→ **DATA SUPPLIED**:
lemma exchange_system_if_summable:
  fixes \<U> :: "'a set set" and x :: "nat \<Rightarrow> 'a"
  assumes nice: "nice \<U>" and units: "limits_of_units_are_units \<U>" and x: "summable_to \<U> UNIV x 1"
    and A_x: "\<And>n. in_left_mult (A n) (x n)" and B_x: "\<And>n. in_left_mult (B n) (1 - sum x {..<n})"
  shows "\<exists>e. exchange_system \<U> UNIV x e"
proof -
  have lh: "linear_hausdorff \<U>" using nice by (rule nice_imp_linear_hausdorff)
  then have lt: "linear_topology \<U>" by (rule linear_hausdorff_imp_linear_topology)
  obtain c where c: "\<And>n. A n = c n * x n" using A_x unfolding in_left_mult_def by metis
  then have "A = (\<lambda>n. c n * x n)" by blast
  then obtain w where A_w: "summable_to \<U> UNIV A w"
    using nice_summable_mult_nat[OF nice x, of c] unfolding summable_fam_def by blast
  have close: "\<exists>n. (sum A {..<n} + B n) - w \<in> U" if U: "U \<in> \<U>" for U
  proof -
    have ideal: "left_ideal U" using linear_topology_left_ideal[OF lt U] .
    obtain N1 where N1: "\<And>n. N1 \<le> n \<Longrightarrow> sum A {..<n} - w \<in> U"
      using summable_to_partial_sums[OF A_w U] by blast
    obtain N2 where N2: "\<And>n. N2 \<le> n \<Longrightarrow> sum x {..<n} - 1 \<in> U"
      using summable_to_partial_sums[OF x U] by blast
    define n where "n = max N1 N2"
    have "1 - sum x {..<n} \<in> U" using left_ideal_uminus[OF ideal N2[of n]] by (simp add: n_def)
    then have "B n \<in> U" using B_x[of n] ideal unfolding in_left_mult_def left_ideal_def by auto
    moreover have "sum A {..<n} - w \<in> U" using N1 by (simp add: n_def)
    ultimately have "(sum A {..<n} - w) + B n \<in> U" using ideal unfolding left_ideal_def by blast
    then show ?thesis by (intro exI[of _ n]) (simp add: algebra_simps)
  qed
  have "is_unit w" by (rule is_unit_if_units_arbitrarily_close[OF units lt is_unit_partial_sum close])
  then obtain v where wv: "w * v = 1" and vw: "v * w = 1" unfolding is_unit_def by blast
  have E_w: "E m * w = A m" for m
    by (rule mult_left_summable_to_single[OF lh A_w, where j = m]) (simp_all add: E_A_eq)
  define e where "e n = v * A n" for n
  have e_mult: "e m * e n = (if m = n then e n else 0)" for m n
  proof -
    have "e m * e n = v * ((E m * w) * v) * A n" unfolding e_def E_w by (simp add: mult.assoc)
    also have "\<dots> = v * (E m * A n)" using wv by (simp add: mult.assoc)
    finally show ?thesis unfolding e_def E_A_eq by simp
  qed
  have "summable_to \<U> UNIV e 1" using summable_to_mult_left[OF lt A_w, of v] vw unfolding e_def by simp
  moreover have "in_left_mult (e n) (x n)" for n
    unfolding e_def in_left_mult_def c by (rule exI[of _ "v * c n"]) (simp add: mult.assoc)
  ultimately have "exchange_system \<U> UNIV x e"
    unfolding exchange_system_def idempotent_def orthogonal_def using e_mult by simp
  then show ?thesis by blast
qed
(* Let $S$ be a semigroup. Then $S^0$ is finitely right equated if and only if $S$ is finitely right equated and $S=US^1$ for some finite set $U\subseteq S$.
   Context: $S^0$ is $S$ if $S$ has a zero and otherwise $S$ with a zero adjoined; $S^1$ is $S$ if $S$ is a monoid and otherwise $S$ with an identity adjoined. For $a\in S$, $\mathbf{r}_S(a)=\{(s,t)\in S\times S\mid as=at\}$; $S$ is finitely right equated if each $\mathbf{r}_S(a)$ is finitely generated as a right congruence. *)

theory Defs
  imports Main
begin

definition semigroup_on :: "'a set \<Rightarrow> ('a \<Rightarrow> 'a \<Rightarrow> 'a) \<Rightarrow> bool" where
  "semigroup_on S f \<longleftrightarrow>
     (\<forall>x\<in>S. \<forall>y\<in>S. f x y \<in> S) \<and>
     (\<forall>x\<in>S. \<forall>y\<in>S. \<forall>z\<in>S. f (f x y) z = f x (f y z))"

definition right_congruence :: "'a set \<Rightarrow> ('a \<Rightarrow> 'a \<Rightarrow> 'a) \<Rightarrow> ('a \<times> 'a) set \<Rightarrow> bool" where
  "right_congruence S f \<rho> \<longleftrightarrow>
     equiv S \<rho> \<and> (\<forall>s t u. (s, t) \<in> \<rho> \<and> u \<in> S \<longrightarrow> (f s u, f t u) \<in> \<rho>)"

definition rcong_gen :: "'a set \<Rightarrow> ('a \<Rightarrow> 'a \<Rightarrow> 'a) \<Rightarrow> ('a \<times> 'a) set \<Rightarrow> ('a \<times> 'a) set" where
  "rcong_gen S f X = \<Inter> {\<rho>. right_congruence S f \<rho> \<and> X \<subseteq> \<rho>}"
lemma inverse_near_pole:
  assumes X: "X = c \<cdot>\<^sub>m minv B + C" and C: "C \<in> carrier_mat N N" "no_poles C"
    and c: "fls_regular c"
    and det_X: "det X \<noteq> 0" "fls_subdegree (det B) + fls_subdegree (det X) = 0"
  obtains Q where "Q \<in> carrier_mat N N" "no_poles Q" "minv X = Q * B"
    "c \<cdot>\<^sub>m Q - 1\<^sub>m N \<in> regular_multiples" "B * X - c \<cdot>\<^sub>m 1\<^sub>m N \<in> regular_multiples"
proof
  have X_carrier: "X \<in> carrier_mat N N" using X C by simp
  define M where "M = B * X"
  have M_carrier: "M \<in> carrier_mat N N" unfolding M_def using mult_carrier_mat[OF B_carrier X_carrier] .
  have M_eq: "M = c \<cdot>\<^sub>m 1\<^sub>m N + B * C" unfolding M_def X by (rule mult_pole_part[OF C(1)])
  show M_cong: "B * X - c \<cdot>\<^sub>m 1\<^sub>m N \<in> regular_multiples"
  proof -
    have "M - c \<cdot>\<^sub>m 1\<^sub>m N = B * C"
      unfolding M_eq using C(1) by (intro eq_matI) auto
    then show ?thesis using regular_multiplesI[OF C] by (simp add: M_def)
  qed
  have "no_poles M" unfolding M_eq using C c no_poles_B by (intro no_poles_add no_poles_mult) auto
  moreover have det_M: "det M \<noteq> 0" "fls_subdegree (det M) = 0"
    using det_mult[OF B_carrier X_carrier] det_B det_X by (simp_all add: M_def)
  ultimately show "no_poles (minv M)" by (simp add: no_poles_minv)
  show "minv M \<in> carrier_mat N N" using M_carrier by simp
  show "c \<cdot>\<^sub>m minv M - 1\<^sub>m N \<in> regular_multiples"
    using inverse_congruent[OF M_carrier _ \<open>no_poles (minv M)\<close> _ M_cong[folded M_def], of 1]
      mult_minv[OF M_carrier det_M(1)] M_carrier by simp
  have "X = minv B * M"
    using assoc_mult_mat[OF minv_carrier[OF B_carrier] B_carrier X_carrier]
      minv_mult_self[OF B_carrier det_B] X_carrier by (simp add: M_def)
  then show "minv X = minv M * B"
    using minv_mult[OF minv_carrier[OF B_carrier] M_carrier] det_minv[OF B_carrier det_B]
      minv_minv[OF B_carrier det_B] det_B det_M by simp
qed

lemma dPI_step_at_zero:
  assumes "b0 \<in> carrier_mat N N" "a \<in> carrier_mat N N"
  shows "dPI_step m b0 B a = of_nat m \<cdot>\<^sub>m minv B + - (b0 + B + a)"
  unfolding dPI_step_def using assms by (intro eq_matI) auto

lemma dPI_step_after_zero:
  assumes "b0 \<in> carrier_mat N N" "a \<in> carrier_mat N N" "Q1 \<in> carrier_mat N N"
    and b2: "b2 = dPI_step m b0 B a" and minv_b2: "minv b2 = Q1 * B"
  shows "dPI_step (m + 1) B b2 a = (- of_nat m) \<cdot>\<^sub>m minv B + ((of_nat m + 1) \<cdot>\<^sub>m (Q1 * B) + b0)"
  unfolding dPI_step_def minv_b2 unfolding b2 dPI_step_def
  using assms(1-3) mult_carrier_mat[OF assms(3) B_carrier]
  by (intro eq_matI) (auto simp: algebra_simps)

lemma dPI_step_factor:
  assumes "b2 \<in> carrier_mat N N" "a \<in> carrier_mat N N"
    and "Q1 \<in> carrier_mat N N" "Q2 \<in> carrier_mat N N"
    and b3: "b3 = dPI_step (m + 1) B b2 a"
    and minv_b2: "minv b2 = Q1 * B" and minv_b3: "minv b3 = Q2 * B"
  shows "dPI_step (m + 2) b2 b3 a = ((of_nat m + 2) \<cdot>\<^sub>m Q2 - (of_nat m + 1) \<cdot>\<^sub>m Q1 + 1\<^sub>m N) * B"
proof -
  let ?c2 = "of_nat m + 2 :: complex fls" and ?c1 = "of_nat m + 1 :: complex fls"
  have Q: "?c2 \<cdot>\<^sub>m Q2 \<in> carrier_mat N N" "?c1 \<cdot>\<^sub>m Q1 \<in> carrier_mat N N"
    using assms(3,4) by auto
  have "(?c2 \<cdot>\<^sub>m Q2 - ?c1 \<cdot>\<^sub>m Q1 + 1\<^sub>m N) * B = (?c2 \<cdot>\<^sub>m Q2 - ?c1 \<cdot>\<^sub>m Q1) * B + B"
    using add_mult_distrib_mat[OF minus_carrier_mat[OF Q(2)] one_carrier_mat B_carrier] by simp
  also have "\<dots> = ?c2 \<cdot>\<^sub>m (Q2 * B) - ?c1 \<cdot>\<^sub>m (Q1 * B) + B"
    using minus_mult_distrib_mat[OF Q B_carrier] mult_smult_assoc_mat[OF assms(3) B_carrier]
      mult_smult_assoc_mat[OF assms(4) B_carrier] by simp
  also have "\<dots> = dPI_step (m + 2) b2 b3 a"
    unfolding dPI_step_def minv_b3 unfolding b3 dPI_step_def minv_b2
    using assms(1-4) mult_carrier_mat[OF assms(3) B_carrier] mult_carrier_mat[OF assms(4) B_carrier]
    by (intro eq_matI) (auto simp: algebra_simps)
  finally show ?thesis by simp
qed

lemma factor_inverse_congruent:
  fixes n :: "complex fls" and Q1 Q2 :: "complex fls mat"
  defines "G \<equiv> (n + 2) \<cdot>\<^sub>m Q2 - (n + 1) \<cdot>\<^sub>m Q1 + 1\<^sub>m N"
  assumes n: "fls_regular n" and Q1: "Q1 \<in> carrier_mat N N" and Q2: "Q2 \<in> carrier_mat N N"
    and Q1_cong: "n \<cdot>\<^sub>m Q1 - 1\<^sub>m N \<in> regular_multiples"
    and Q2_cong: "(- n) \<cdot>\<^sub>m Q2 - 1\<^sub>m N \<in> regular_multiples"
    and Q3: "Q3 \<in> carrier_mat N N" "no_poles Q3" "G * Q3 = 1\<^sub>m N"
  shows "(- (n + 3)) \<cdot>\<^sub>m Q3 - n \<cdot>\<^sub>m 1\<^sub>m N \<in> regular_multiples"
proof -
  have G: "G \<in> carrier_mat N N" unfolding G_def using Q1 Q2 by auto
  have "n \<cdot>\<^sub>m G - (- (n + 3)) \<cdot>\<^sub>m 1\<^sub>m N
      = (- (n + 2)) \<cdot>\<^sub>m ((- n) \<cdot>\<^sub>m Q2 - 1\<^sub>m N) + (- (n + 1)) \<cdot>\<^sub>m (n \<cdot>\<^sub>m Q1 - 1\<^sub>m N)"
    unfolding G_def using Q1 Q2 by (intro eq_matI) (auto simp: algebra_simps)
  then have G_cong: "n \<cdot>\<^sub>m G - (- (n + 3)) \<cdot>\<^sub>m 1\<^sub>m N \<in> regular_multiples"
    using regular_multiples_add[OF regular_multiples_smult[OF Q2_cong, of "- (n + 2)"]
        regular_multiples_smult[OF Q1_cong, of "- (n + 1)"]] n
    by simp
  have "(n \<cdot>\<^sub>m G) * Q3 = n \<cdot>\<^sub>m 1\<^sub>m N"
    using mult_smult_assoc_mat[OF G Q3(1)] Q3(3) by simp
  then show ?thesis
    using inverse_congruent[OF _ Q3(1,2) _ G_cong] G by simp
qed

lemma dPI_step_confined:
  fixes m :: nat and Q1 Q2 :: "complex fls mat"
  defines "n \<equiv> of_nat m :: complex fls"
  defines "G \<equiv> (n + 2) \<cdot>\<^sub>m Q2 - (n + 1) \<cdot>\<^sub>m Q1 + 1\<^sub>m N"
  assumes a: "a \<in> carrier_mat N N" "no_poles a" and b3: "b3 \<in> carrier_mat N N"
    and Q1: "Q1 \<in> carrier_mat N N" "no_poles Q1" and Q2: "Q2 \<in> carrier_mat N N" "no_poles Q2"
    and Q1_cong: "n \<cdot>\<^sub>m Q1 - 1\<^sub>m N \<in> regular_multiples"
    and Q2_cong: "(- n) \<cdot>\<^sub>m Q2 - 1\<^sub>m N \<in> regular_multiples"
    and b3_cong: "B * b3 - (- n) \<cdot>\<^sub>m 1\<^sub>m N \<in> regular_multiples"
    and b4: "b4 = G * B" and det_b4: "det b4 \<noteq> 0" "fls_subdegree (det b4) = fls_subdegree (det B)"
  shows "no_poles (dPI_step (m + 3) b3 b4 a)"
proof -
  have G: "G \<in> carrier_mat N N" "no_poles G"
    unfolding G_def n_def using Q1 Q2
    by (auto intro!: no_poles_add[of _ N N] no_poles_diff[of _ N N] no_poles_smult)
  have det_G: "det G \<noteq> 0" "fls_subdegree (det G) = 0"
    using det_b4 det_B unfolding b4 det_mult[OF G(1) B_carrier] by auto
  define Q3 where "Q3 = minv G"
  have Q3: "Q3 \<in> carrier_mat N N" "no_poles Q3" "G * Q3 = 1\<^sub>m N"
    unfolding Q3_def using G det_G by (auto simp: no_poles_minv mult_minv)
  have "(n + 3) \<cdot>\<^sub>m Q3 - B * b3
      = - ((- (n + 3)) \<cdot>\<^sub>m Q3 - n \<cdot>\<^sub>m 1\<^sub>m N) - (B * b3 - (- n) \<cdot>\<^sub>m 1\<^sub>m N)"
    using Q3(1) mult_carrier_mat[OF B_carrier b3] by (intro eq_matI) (auto simp: algebra_simps)
  then have pole_cancels: "(n + 3) \<cdot>\<^sub>m Q3 - B * b3 \<in> regular_multiples"
    using regular_multiples_diff[OF regular_multiples_uminus b3_cong]
      factor_inverse_congruent[OF _ Q1(1) Q2(1) Q1_cong Q2_cong Q3[unfolded G_def]]
    by (simp add: n_def)
  have Bi: "minv B \<in> carrier_mat N N" by simp
  have "minv B * ((n + 3) \<cdot>\<^sub>m Q3 - B * b3) = (n + 3) \<cdot>\<^sub>m (minv B * Q3) - b3"
    using mult_minus_distrib_mat[OF Bi smult_carrier_mat[OF Q3(1)] mult_carrier_mat[OF B_carrier b3]]
      mult_smult_distrib[OF Bi Q3(1)] assoc_mult_mat[OF Bi B_carrier b3]
      minv_mult_self[OF B_carrier det_B] b3
    by simp
  moreover have "minv b4 = minv B * Q3"
    unfolding b4 Q3_def using minv_mult[OF G(1) B_carrier det_G(1) det_B] .
  moreover have "of_nat (m + 3) = n + 3" by (simp add: n_def)
  ultimately have b5: "dPI_step (m + 3) b3 b4 a = minv B * ((n + 3) \<cdot>\<^sub>m Q3 - B * b3) - b4 - a"
    unfolding dPI_step_def by simp
  have "b4 \<in> carrier_mat N N" "no_poles b4"
    unfolding b4 using mult_carrier_mat[OF G(1) B_carrier] no_poles_mult[OF G(1) B_carrier G(2) no_poles_B]
    by auto
  moreover have "minv B * ((n + 3) \<cdot>\<^sub>m Q3 - B * b3) \<in> carrier_mat N N"
    using mult_carrier_mat[OF Bi regular_multiples_carrier[OF pole_cancels]] .
  ultimately show ?thesis
    unfolding b5 using no_poles_minv_mult[OF pole_cancels] a
    by (intro no_poles_diff[of _ N N] minus_carrier_mat) auto
qed
lemma norm_thue_morse_sum_le_majorant:
  "b \<le> a + 2 ^ k \<Longrightarrow> norm (thue_morse_sum a b \<theta>) \<le> thue_morse_majorant k \<theta>"
proof (induction k arbitrary: a b \<theta>)
  case 0
  then show ?case
    using norm_thue_morse_sum_le[of a b \<theta>] by (simp add: thue_morse_majorant_def sin_prod_def)
next
  case (Suc k)
  have majorant_ge_2: "thue_morse_majorant (Suc k) \<theta> \<ge> 2"
    unfolding thue_morse_majorant_Suc using thue_morse_majorant_nonneg[of k "2 * \<theta>"] by simp
  show ?case
  proof (cases "b \<le> a + 1")
    case True
    then show ?thesis using norm_thue_morse_sum_le[of a b \<theta>] majorant_ge_2 by simp
  next
    case False
    define a' where "a' = (a + 1) div 2"
    define b' where "b' = b div 2"
    have bounds: "a \<le> 2 * a'" "2 * a' \<le> a + 1" "2 * a' \<le> 2 * b'" "2 * b' \<le> b" "b \<le> 2 * b' + 1"
      using False unfolding a'_def b'_def by auto
    have split: "thue_morse_sum a b \<theta> = thue_morse_sum a (2 * a') \<theta>
        + (1 - e \<theta>) * thue_morse_sum a' b' (2 * \<theta>) + thue_morse_sum (2 * b') b \<theta>"
      using bounds
      by (simp add: thue_morse_sum_split[of a "2 * a'" b] thue_morse_sum_split[of "2 * a'" "2 * b'" b]
          thue_morse_sum_double add.assoc)
    have "norm (thue_morse_sum a b \<theta>) \<le> norm (thue_morse_sum a (2 * a') \<theta>)
        + norm ((1 - e \<theta>) * thue_morse_sum a' b' (2 * \<theta>)) + norm (thue_morse_sum (2 * b') b \<theta>)"
      unfolding split by (intro norm_triangle_le add_mono norm_triangle_ineq order_refl)
    moreover have "norm (thue_morse_sum a (2 * a') \<theta>) \<le> 1" "norm (thue_morse_sum (2 * b') b \<theta>) \<le> 1"
      using norm_thue_morse_sum_le[of a "2 * a'" \<theta>] norm_thue_morse_sum_le[of "2 * b'" b \<theta>] bounds by simp_all
    moreover have "norm ((1 - e \<theta>) * thue_morse_sum a' b' (2 * \<theta>))
        \<le> 2 * \<bar>sin (pi * \<theta>)\<bar> * thue_morse_majorant k (2 * \<theta>)"
      unfolding norm_mult norm_one_minus_e using Suc.prems bounds Suc.IH[of b' a' "2 * \<theta>"]
      by (intro mult_left_mono) auto
    ultimately show ?thesis unfolding thue_morse_majorant_Suc by linarith
  qed
qed
lemma matchings_insert_pair:
  assumes Q: "Q \<in> matchings R lab A U" and "u \<notin> A" "z \<notin> A" "u < z" "R (lab u) (lab z)"
    and "z \<notin> U"
  shows "insert (u, z) Q \<in> matchings R lab (insert u (insert z A)) (insert u U)"
proof (rule matchingsI)
  fix i j assume "(i, j) \<in> insert (u, z) Q"
  then show "i < j \<and> i \<in> insert u (insert z A) \<and> j \<in> insert u (insert z A) \<and> R (lab i) (lab j) \<and>
      \<not> (i \<in> insert u U \<and> j \<in> insert u U)"
    using assms matchings_pairD[OF Q, of i j] by auto
next
  fix k assume k: "k \<in> insert u (insert z A)"
  have avoid: "fst q \<notin> {u, z} \<and> snd q \<notin> {u, z}" if "q \<in> Q" for q
    using that assms(2,3) matchings_pairD[OF Q, of "fst q" "snd q"] by auto
  show "\<exists>!q. q \<in> insert (u, z) Q \<and> (fst q = k \<or> snd q = k)"
  proof (cases "k \<in> {u, z}")
    case True
    show ?thesis
    proof (rule ex1I[of _ "(u, z)"])
      fix q' assume "q' \<in> insert (u, z) Q \<and> (fst q' = k \<or> snd q' = k)"
      then show "q' = (u, z)" using True avoid[of q'] by auto
    qed (use True in auto)
  next
    case False
    then have "k \<in> A" using k by simp
    then obtain q where q: "q \<in> Q" "fst q = k \<or> snd q = k"
      and uniq: "\<And>q'. q' \<in> Q \<Longrightarrow> fst q' = k \<or> snd q' = k \<Longrightarrow> q' = q"
      using matchings_coverD[OF Q] by blast
    show ?thesis
    proof (rule ex1I[of _ q])
      fix q' assume q': "q' \<in> insert (u, z) Q \<and> (fst q' = k \<or> snd q' = k)"
      then have "q' \<noteq> (u, z)" using False by auto
      then show "q' = q" using q' uniq by blast
    qed (use q in auto)
  qed
qed

lemma matchings_antimono: "U \<subseteq> U' \<Longrightarrow> matchings R lab A U' \<subseteq> matchings R lab A U"
  unfolding matchings_def by blast

lemma bij_betw_matchings_Diff_pair:
  assumes "u \<in> U" "U \<subseteq> A" "k \<in> A" "k \<notin> U" "u < k" "R (lab u) (lab k)"
  shows "bij_betw (\<lambda>P. P - {(u, k)}) {P \<in> matchings R lab A U. (u, k) \<in> P}
           (matchings R lab (A - {u, k}) (U - {u}))"
proof (rule bij_betw_byWitness[where f' = "insert (u, k)"])
  show "\<forall>P\<in>{P \<in> matchings R lab A U. (u, k) \<in> P}. insert (u, k) (P - {(u, k)}) = P"
    by auto
  show "\<forall>Q\<in>matchings R lab (A - {u, k}) (U - {u}). insert (u, k) Q - {(u, k)} = Q"
    using matchings_pairD[of _ R lab "A - {u, k}" "U - {u}" u k] by auto
  have "U - {u, k} = U - {u}" using assms(4) by auto
  then show "(\<lambda>P. P - {(u, k)}) ` {P \<in> matchings R lab A U. (u, k) \<in> P}
      \<subseteq> matchings R lab (A - {u, k}) (U - {u})"
    using matchings_Diff_pair[of _ R lab A U u k] by auto
  have "insert u (insert k (A - {u, k})) = A" "insert u (U - {u}) = U"
    using assms(1-3) by auto
  then show "insert (u, k) ` matchings R lab (A - {u, k}) (U - {u})
      \<subseteq> {P \<in> matchings R lab A U. (u, k) \<in> P}"
    using matchings_insert_pair[of _ R lab "A - {u, k}" "U - {u}" u k] assms(4-6) by auto
qed

lemma card_matchings_split:
  assumes "finite A" "k \<in> A" "U \<subseteq> A" "k \<notin> U" "\<forall>u\<in>U. u < k"
  shows "card (matchings R lab A U) = card (matchings R lab A (insert k U)) +
    (\<Sum>u\<in>U. if R (lab u) (lab k) then card (matchings R lab (A - {u, k}) (U - {u})) else 0)"
proof -
  define S where "S u = {P \<in> matchings R lab A U. (u, k) \<in> P}" for u
  define Uk where "Uk = {u \<in> U. R (lab u) (lab k)}"
  have "matchings R lab A U \<subseteq> matchings R lab A (insert k U) \<union> (\<Union>u\<in>Uk. S u)"
  proof
    fix P assume P: "P \<in> matchings R lab A U"
    show "P \<in> matchings R lab A (insert k U) \<union> (\<Union>u\<in>Uk. S u)"
    proof (cases "\<exists>u\<in>U. (u, k) \<in> P")
      case True
      then obtain u where "u \<in> U" "(u, k) \<in> P" by blast
      then show ?thesis using matchings_pairD[OF P, of u k] P unfolding S_def Uk_def by blast
    next
      case False
      have "P \<in> matchings R lab A (insert k U)"
      proof (rule matchingsI)
        fix i j assume ij: "(i, j) \<in> P"
        have "\<not> (i \<in> insert k U \<and> j \<in> insert k U)"
          using matchings_pairD[OF P ij] ij False assms(5) by auto
        then show "i < j \<and> i \<in> A \<and> j \<in> A \<and> R (lab i) (lab j) \<and> \<not> (i \<in> insert k U \<and> j \<in> insert k U)"
          using matchings_pairD[OF P ij] by blast
      qed (fact matchings_coverD[OF P])
      then show ?thesis by blast
    qed
  qed
  moreover have "matchings R lab A (insert k U) \<union> (\<Union>u\<in>Uk. S u) \<subseteq> matchings R lab A U"
    using matchings_antimono[of U "insert k U" R lab A] unfolding S_def by blast
  ultimately have split: "matchings R lab A U = matchings R lab A (insert k U) \<union> (\<Union>u\<in>Uk. S u)"
    by (rule antisym)
  have disj: "matchings R lab A (insert k U) \<inter> (\<Union>u\<in>Uk. S u) = {}"
    using matchings_pairD[of _ R lab A "insert k U"] unfolding S_def Uk_def by blast
  have disj_S: "S u \<inter> S v = {}" if "u \<noteq> v" for u v
    using matchings_pair_eq[of _ R lab A U u k] that unfolding S_def by blast
  have fin: "finite (matchings R lab A U')" for U' using assms(1) by (rule finite_matchings)
  have fin_Uk: "finite Uk" using assms(1,3) unfolding Uk_def by (auto intro: finite_subset)
  have card_S: "card (S u) = card (matchings R lab (A - {u, k}) (U - {u}))" if "u \<in> Uk" for u
    unfolding S_def using that assms
    by (intro bij_betw_same_card[OF bij_betw_matchings_Diff_pair]) (auto simp: Uk_def)
  have "card (matchings R lab A U) = card (matchings R lab A (insert k U)) + card (\<Union>u\<in>Uk. S u)"
    unfolding split using fin disj
    by (intro card_Un_disjoint) (auto intro: finite_subset[OF _ fin[of U]] simp: S_def)
  also have "card (\<Union>u\<in>Uk. S u) = (\<Sum>u\<in>Uk. card (S u))"
    using fin_Uk fin disj_S by (intro card_UN_disjoint) (auto simp: S_def)
  also have "\<dots> = (\<Sum>u\<in>U. if R (lab u) (lab k) then card (matchings R lab (A - {u, k}) (U - {u})) else 0)"
    using card_S assms(1,3) unfolding Uk_def by (simp add: sum.inter_filter finite_subset)
  finally show ?thesis .
qed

→ **GOAL OF THE EXERCISE**:
Given the records above, return exactly the lines starting at the line containing "E_w by (simp add: mult.assoc)" and ending at the line containing "X = \<Inter>", including both.

→ **ANSWER TO THIS TASK**:
    have "e m * e n = v * ((E m * w) * v) * A n" unfolding e_def E_w by (simp add: mult.assoc)
    also have "\<dots> = v * (E m * A n)" using wv by (simp add: mult.assoc)
    finally show ?thesis unfolding e_def E_A_eq by simp
  qed
  have "summable_to \<U> UNIV e 1" using summable_to_mult_left[OF lt A_w, of v] vw unfolding e_def by simp
  moreover have "in_left_mult (e n) (x n)" for n
    unfolding e_def in_left_mult_def c by (rule exI[of _ "v * c n"]) (simp add: mult.assoc)
  ultimately have "exchange_system \<U> UNIV x e"
    unfolding exchange_system_def idempotent_def orthogonal_def using e_mult by simp
  then show ?thesis by blast
qed
(* Let $S$ be a semigroup. Then $S^0$ is finitely right equated if and only if $S$ is finitely right equated and $S=US^1$ for some finite set $U\subseteq S$.
   Context: $S^0$ is $S$ if $S$ has a zero and otherwise $S$ with a zero adjoined; $S^1$ is $S$ if $S$ is a monoid and otherwise $S$ with an identity adjoined. For $a\in S$, $\mathbf{r}_S(a)=\{(s,t)\in S\times S\mid as=at\}$; $S$ is finitely right equated if each $\mathbf{r}_S(a)$ is finitely generated as a right congruence. *)

theory Defs
  imports Main
begin

definition semigroup_on :: "'a set \<Rightarrow> ('a \<Rightarrow> 'a \<Rightarrow> 'a) \<Rightarrow> bool" where
  "semigroup_on S f \<longleftrightarrow>
     (\<forall>x\<in>S. \<forall>y\<in>S. f x y \<in> S) \<and>
     (\<forall>x\<in>S. \<forall>y\<in>S. \<forall>z\<in>S. f (f x y) z = f x (f y z))"

definition right_congruence :: "'a set \<Rightarrow> ('a \<Rightarrow> 'a \<Rightarrow> 'a) \<Rightarrow> ('a \<times> 'a) set \<Rightarrow> bool" where
  "right_congruence S f \<rho> \<longleftrightarrow>
     equiv S \<rho> \<and> (\<forall>s t u. (s, t) \<in> \<rho> \<and> u \<in> S \<longrightarrow> (f s u, f t u) \<in> \<rho>)"

definition rcong_gen :: "'a set \<Rightarrow> ('a \<Rightarrow> 'a \<Rightarrow> 'a) \<Rightarrow> ('a \<times> 'a) set \<Rightarrow> ('a \<times> 'a) set" where
  "rcong_gen S f X = \<Inter> {\<rho>. right_congruence S f \<rho> \<and> X \<subseteq> \<rho>}"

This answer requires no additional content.